◆ **Problem**: Pull every line that holds the word "finally" from the entries.

>>>>

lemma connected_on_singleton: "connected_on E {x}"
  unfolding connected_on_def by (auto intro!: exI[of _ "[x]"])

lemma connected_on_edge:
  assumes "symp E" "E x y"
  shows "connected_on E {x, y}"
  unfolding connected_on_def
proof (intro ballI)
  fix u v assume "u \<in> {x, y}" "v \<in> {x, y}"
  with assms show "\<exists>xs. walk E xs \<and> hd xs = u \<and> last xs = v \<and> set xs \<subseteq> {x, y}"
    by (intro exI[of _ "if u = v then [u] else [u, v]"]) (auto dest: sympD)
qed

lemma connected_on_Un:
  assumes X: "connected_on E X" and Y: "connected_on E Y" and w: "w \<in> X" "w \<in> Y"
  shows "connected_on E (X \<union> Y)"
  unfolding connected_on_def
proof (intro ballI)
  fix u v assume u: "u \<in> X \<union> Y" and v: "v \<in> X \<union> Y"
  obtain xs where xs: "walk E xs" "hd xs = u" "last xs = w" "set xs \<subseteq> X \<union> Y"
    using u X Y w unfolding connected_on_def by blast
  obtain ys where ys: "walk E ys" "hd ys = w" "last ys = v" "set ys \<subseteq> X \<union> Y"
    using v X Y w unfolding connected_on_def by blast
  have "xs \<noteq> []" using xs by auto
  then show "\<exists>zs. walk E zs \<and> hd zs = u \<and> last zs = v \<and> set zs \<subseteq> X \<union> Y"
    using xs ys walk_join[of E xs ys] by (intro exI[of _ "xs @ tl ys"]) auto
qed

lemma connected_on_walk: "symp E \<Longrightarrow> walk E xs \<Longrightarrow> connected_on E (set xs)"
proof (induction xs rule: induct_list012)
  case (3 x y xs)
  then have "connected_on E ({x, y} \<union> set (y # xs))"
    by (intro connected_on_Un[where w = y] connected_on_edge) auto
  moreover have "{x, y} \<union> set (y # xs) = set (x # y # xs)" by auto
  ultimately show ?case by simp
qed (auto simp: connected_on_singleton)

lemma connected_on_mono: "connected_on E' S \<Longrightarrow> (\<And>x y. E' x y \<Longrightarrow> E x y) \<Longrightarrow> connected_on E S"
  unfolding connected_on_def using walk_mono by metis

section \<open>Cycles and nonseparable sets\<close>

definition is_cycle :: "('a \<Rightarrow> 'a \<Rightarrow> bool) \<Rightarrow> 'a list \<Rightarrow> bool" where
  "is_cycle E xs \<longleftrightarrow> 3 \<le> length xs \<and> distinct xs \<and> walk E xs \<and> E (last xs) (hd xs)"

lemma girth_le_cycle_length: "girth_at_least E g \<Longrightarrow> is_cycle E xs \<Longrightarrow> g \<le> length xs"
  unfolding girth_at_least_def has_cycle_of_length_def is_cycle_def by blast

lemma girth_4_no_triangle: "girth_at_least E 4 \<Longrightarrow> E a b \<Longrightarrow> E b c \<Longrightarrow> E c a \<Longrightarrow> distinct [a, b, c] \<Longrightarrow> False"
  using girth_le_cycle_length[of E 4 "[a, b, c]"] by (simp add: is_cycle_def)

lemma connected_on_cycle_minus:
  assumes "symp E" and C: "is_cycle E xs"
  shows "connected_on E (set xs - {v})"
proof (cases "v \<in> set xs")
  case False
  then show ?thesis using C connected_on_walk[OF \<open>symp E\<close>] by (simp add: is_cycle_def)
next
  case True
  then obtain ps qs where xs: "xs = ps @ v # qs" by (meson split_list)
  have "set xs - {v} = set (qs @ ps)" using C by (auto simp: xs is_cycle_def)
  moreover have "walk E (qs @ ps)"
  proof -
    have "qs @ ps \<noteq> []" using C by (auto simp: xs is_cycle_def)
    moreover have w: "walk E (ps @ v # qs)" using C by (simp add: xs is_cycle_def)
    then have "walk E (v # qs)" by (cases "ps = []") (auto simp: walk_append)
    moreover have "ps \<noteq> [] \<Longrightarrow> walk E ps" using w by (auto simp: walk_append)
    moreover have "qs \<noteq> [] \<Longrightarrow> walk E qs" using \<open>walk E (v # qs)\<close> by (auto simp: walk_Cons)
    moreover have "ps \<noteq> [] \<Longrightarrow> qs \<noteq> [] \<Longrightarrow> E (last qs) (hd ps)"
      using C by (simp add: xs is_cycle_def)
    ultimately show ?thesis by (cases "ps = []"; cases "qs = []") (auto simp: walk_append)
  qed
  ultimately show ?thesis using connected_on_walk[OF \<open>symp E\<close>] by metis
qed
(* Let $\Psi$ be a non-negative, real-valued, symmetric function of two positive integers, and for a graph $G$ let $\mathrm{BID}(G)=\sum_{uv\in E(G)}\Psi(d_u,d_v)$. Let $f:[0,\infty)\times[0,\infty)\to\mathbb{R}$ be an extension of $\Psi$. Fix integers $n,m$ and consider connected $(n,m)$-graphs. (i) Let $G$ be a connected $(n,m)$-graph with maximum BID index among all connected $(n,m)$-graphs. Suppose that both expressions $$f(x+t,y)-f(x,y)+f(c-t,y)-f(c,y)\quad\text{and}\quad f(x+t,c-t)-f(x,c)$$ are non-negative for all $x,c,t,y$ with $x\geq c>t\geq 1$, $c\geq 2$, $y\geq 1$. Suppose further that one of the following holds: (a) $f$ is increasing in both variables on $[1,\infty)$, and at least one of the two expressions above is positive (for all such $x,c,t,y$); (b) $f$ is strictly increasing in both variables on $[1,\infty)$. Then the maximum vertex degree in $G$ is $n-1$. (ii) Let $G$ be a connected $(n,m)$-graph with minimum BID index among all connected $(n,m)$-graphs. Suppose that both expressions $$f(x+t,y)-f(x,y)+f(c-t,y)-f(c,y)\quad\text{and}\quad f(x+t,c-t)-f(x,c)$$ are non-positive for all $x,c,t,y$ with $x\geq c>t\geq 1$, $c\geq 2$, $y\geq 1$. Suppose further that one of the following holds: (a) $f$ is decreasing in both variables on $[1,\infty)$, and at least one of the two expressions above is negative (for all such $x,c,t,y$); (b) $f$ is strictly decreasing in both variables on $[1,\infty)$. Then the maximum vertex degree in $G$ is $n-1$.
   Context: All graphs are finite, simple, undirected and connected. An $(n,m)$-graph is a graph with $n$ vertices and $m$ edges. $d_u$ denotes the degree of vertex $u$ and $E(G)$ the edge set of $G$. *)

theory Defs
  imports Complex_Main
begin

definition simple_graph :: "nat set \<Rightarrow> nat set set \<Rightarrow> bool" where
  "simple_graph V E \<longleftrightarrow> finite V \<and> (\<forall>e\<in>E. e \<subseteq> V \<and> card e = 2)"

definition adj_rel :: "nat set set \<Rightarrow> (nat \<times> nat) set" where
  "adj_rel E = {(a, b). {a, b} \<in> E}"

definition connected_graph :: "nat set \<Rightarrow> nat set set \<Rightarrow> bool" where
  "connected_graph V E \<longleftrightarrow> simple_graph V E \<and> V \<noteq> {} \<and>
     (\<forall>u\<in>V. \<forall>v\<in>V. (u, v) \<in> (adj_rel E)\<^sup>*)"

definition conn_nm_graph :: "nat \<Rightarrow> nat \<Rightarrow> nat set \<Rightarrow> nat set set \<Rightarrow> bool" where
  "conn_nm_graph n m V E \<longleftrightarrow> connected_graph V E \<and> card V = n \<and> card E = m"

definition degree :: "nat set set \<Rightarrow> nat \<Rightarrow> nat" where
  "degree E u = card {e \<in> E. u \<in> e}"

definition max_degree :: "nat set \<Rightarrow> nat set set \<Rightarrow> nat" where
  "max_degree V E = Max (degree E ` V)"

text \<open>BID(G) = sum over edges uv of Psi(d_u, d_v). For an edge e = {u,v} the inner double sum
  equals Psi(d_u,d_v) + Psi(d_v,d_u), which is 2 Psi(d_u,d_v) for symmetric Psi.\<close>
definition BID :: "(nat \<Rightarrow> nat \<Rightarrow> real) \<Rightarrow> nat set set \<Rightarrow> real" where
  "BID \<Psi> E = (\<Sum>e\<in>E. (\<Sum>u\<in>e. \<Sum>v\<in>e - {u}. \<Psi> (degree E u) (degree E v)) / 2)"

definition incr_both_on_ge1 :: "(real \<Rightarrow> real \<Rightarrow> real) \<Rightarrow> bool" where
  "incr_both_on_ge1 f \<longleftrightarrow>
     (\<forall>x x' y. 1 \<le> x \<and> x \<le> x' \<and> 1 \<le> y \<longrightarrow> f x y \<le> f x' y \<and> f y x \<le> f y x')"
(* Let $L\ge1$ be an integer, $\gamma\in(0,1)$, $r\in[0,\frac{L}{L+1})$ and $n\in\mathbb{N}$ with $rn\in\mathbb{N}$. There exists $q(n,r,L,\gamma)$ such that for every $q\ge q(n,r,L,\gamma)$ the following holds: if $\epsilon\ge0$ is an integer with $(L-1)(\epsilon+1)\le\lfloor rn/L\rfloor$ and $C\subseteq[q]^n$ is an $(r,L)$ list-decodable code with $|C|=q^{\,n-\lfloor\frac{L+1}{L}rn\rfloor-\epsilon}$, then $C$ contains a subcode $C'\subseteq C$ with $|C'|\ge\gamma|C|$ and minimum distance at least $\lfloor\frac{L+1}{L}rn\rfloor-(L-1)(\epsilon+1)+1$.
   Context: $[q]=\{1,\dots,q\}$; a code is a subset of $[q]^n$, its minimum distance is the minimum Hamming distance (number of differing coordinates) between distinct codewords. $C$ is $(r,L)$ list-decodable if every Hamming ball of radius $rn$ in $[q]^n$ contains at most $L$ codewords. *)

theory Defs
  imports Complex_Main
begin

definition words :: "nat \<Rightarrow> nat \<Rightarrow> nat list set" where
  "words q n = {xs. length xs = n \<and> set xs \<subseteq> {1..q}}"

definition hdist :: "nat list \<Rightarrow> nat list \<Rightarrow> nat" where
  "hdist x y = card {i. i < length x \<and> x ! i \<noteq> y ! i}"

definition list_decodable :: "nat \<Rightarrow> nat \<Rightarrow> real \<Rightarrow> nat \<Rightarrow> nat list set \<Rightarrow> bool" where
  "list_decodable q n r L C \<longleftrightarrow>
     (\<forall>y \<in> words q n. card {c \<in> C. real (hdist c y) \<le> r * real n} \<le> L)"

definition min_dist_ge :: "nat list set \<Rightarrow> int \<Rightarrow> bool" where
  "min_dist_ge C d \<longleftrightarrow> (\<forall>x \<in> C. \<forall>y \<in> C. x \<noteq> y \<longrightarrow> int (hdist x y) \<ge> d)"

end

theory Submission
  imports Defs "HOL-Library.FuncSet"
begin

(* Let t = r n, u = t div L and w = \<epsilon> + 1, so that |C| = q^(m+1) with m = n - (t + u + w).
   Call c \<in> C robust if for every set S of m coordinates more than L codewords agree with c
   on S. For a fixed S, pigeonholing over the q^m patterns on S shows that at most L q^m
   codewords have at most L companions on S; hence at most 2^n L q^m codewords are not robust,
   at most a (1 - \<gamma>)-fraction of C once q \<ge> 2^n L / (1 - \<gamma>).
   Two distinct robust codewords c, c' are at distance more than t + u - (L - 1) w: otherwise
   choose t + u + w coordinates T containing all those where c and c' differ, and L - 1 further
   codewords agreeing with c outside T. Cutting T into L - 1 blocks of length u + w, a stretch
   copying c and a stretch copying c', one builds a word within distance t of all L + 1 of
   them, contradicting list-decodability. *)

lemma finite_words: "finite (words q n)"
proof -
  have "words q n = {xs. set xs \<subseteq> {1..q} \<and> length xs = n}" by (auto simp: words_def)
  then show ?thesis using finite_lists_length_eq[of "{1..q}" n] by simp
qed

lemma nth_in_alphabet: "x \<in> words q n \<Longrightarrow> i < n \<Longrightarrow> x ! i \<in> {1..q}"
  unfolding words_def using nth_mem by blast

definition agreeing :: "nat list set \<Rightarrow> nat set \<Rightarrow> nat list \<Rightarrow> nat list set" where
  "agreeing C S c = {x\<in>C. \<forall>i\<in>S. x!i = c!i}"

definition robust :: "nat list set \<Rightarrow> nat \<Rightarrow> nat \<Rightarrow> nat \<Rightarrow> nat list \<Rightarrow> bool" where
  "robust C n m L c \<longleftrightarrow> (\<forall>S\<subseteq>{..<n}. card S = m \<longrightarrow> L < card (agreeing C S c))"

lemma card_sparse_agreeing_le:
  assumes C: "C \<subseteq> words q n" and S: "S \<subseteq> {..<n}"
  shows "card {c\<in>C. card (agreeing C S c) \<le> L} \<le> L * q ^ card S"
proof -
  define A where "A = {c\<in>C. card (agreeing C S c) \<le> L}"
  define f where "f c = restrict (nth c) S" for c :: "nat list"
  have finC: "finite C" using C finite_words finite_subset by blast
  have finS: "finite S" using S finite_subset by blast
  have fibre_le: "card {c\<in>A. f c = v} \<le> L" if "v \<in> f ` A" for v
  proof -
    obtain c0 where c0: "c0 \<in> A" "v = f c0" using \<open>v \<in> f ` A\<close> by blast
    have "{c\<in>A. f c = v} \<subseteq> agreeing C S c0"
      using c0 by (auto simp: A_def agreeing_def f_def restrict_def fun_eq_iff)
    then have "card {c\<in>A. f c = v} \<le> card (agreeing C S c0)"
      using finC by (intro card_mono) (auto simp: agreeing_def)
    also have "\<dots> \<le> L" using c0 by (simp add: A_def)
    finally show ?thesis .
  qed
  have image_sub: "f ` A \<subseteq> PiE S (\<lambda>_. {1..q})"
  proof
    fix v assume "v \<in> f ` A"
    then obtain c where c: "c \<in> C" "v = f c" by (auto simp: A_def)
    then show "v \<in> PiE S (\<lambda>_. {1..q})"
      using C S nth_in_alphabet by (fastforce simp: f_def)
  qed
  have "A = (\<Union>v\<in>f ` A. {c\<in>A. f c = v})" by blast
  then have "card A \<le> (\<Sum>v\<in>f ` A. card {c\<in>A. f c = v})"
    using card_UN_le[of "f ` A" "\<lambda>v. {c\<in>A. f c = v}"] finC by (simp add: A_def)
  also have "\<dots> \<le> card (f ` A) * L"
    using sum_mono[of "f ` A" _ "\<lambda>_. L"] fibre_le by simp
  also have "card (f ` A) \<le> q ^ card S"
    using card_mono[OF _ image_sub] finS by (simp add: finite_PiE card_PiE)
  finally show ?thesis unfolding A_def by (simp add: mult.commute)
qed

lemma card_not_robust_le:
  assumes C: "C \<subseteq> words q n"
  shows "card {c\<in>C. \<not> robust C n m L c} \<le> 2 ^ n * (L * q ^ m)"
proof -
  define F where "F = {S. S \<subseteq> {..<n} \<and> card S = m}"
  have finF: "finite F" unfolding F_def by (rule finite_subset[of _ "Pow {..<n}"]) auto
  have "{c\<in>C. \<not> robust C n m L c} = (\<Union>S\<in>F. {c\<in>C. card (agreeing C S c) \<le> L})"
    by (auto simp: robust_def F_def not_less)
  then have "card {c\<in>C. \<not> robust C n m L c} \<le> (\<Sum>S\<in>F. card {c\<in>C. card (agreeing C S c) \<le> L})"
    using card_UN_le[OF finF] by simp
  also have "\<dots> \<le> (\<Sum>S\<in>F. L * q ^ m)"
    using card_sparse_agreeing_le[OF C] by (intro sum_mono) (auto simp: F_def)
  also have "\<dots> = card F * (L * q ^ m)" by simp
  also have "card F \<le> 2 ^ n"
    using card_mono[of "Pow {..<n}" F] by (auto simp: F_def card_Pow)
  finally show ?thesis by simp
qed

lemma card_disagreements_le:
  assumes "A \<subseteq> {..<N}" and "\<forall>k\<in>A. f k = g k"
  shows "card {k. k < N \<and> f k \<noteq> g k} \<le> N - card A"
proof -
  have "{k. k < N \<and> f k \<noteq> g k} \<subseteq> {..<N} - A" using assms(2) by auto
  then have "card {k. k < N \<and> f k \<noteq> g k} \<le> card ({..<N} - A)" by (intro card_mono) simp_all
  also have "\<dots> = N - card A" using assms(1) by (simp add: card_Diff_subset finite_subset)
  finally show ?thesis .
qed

<<<<

◆ **Output of the task**:
    finally show ?thesis .
  finally show ?thesis unfolding A_def by (simp add: mult.commute)
  finally show ?thesis by simp
  finally show ?thesis .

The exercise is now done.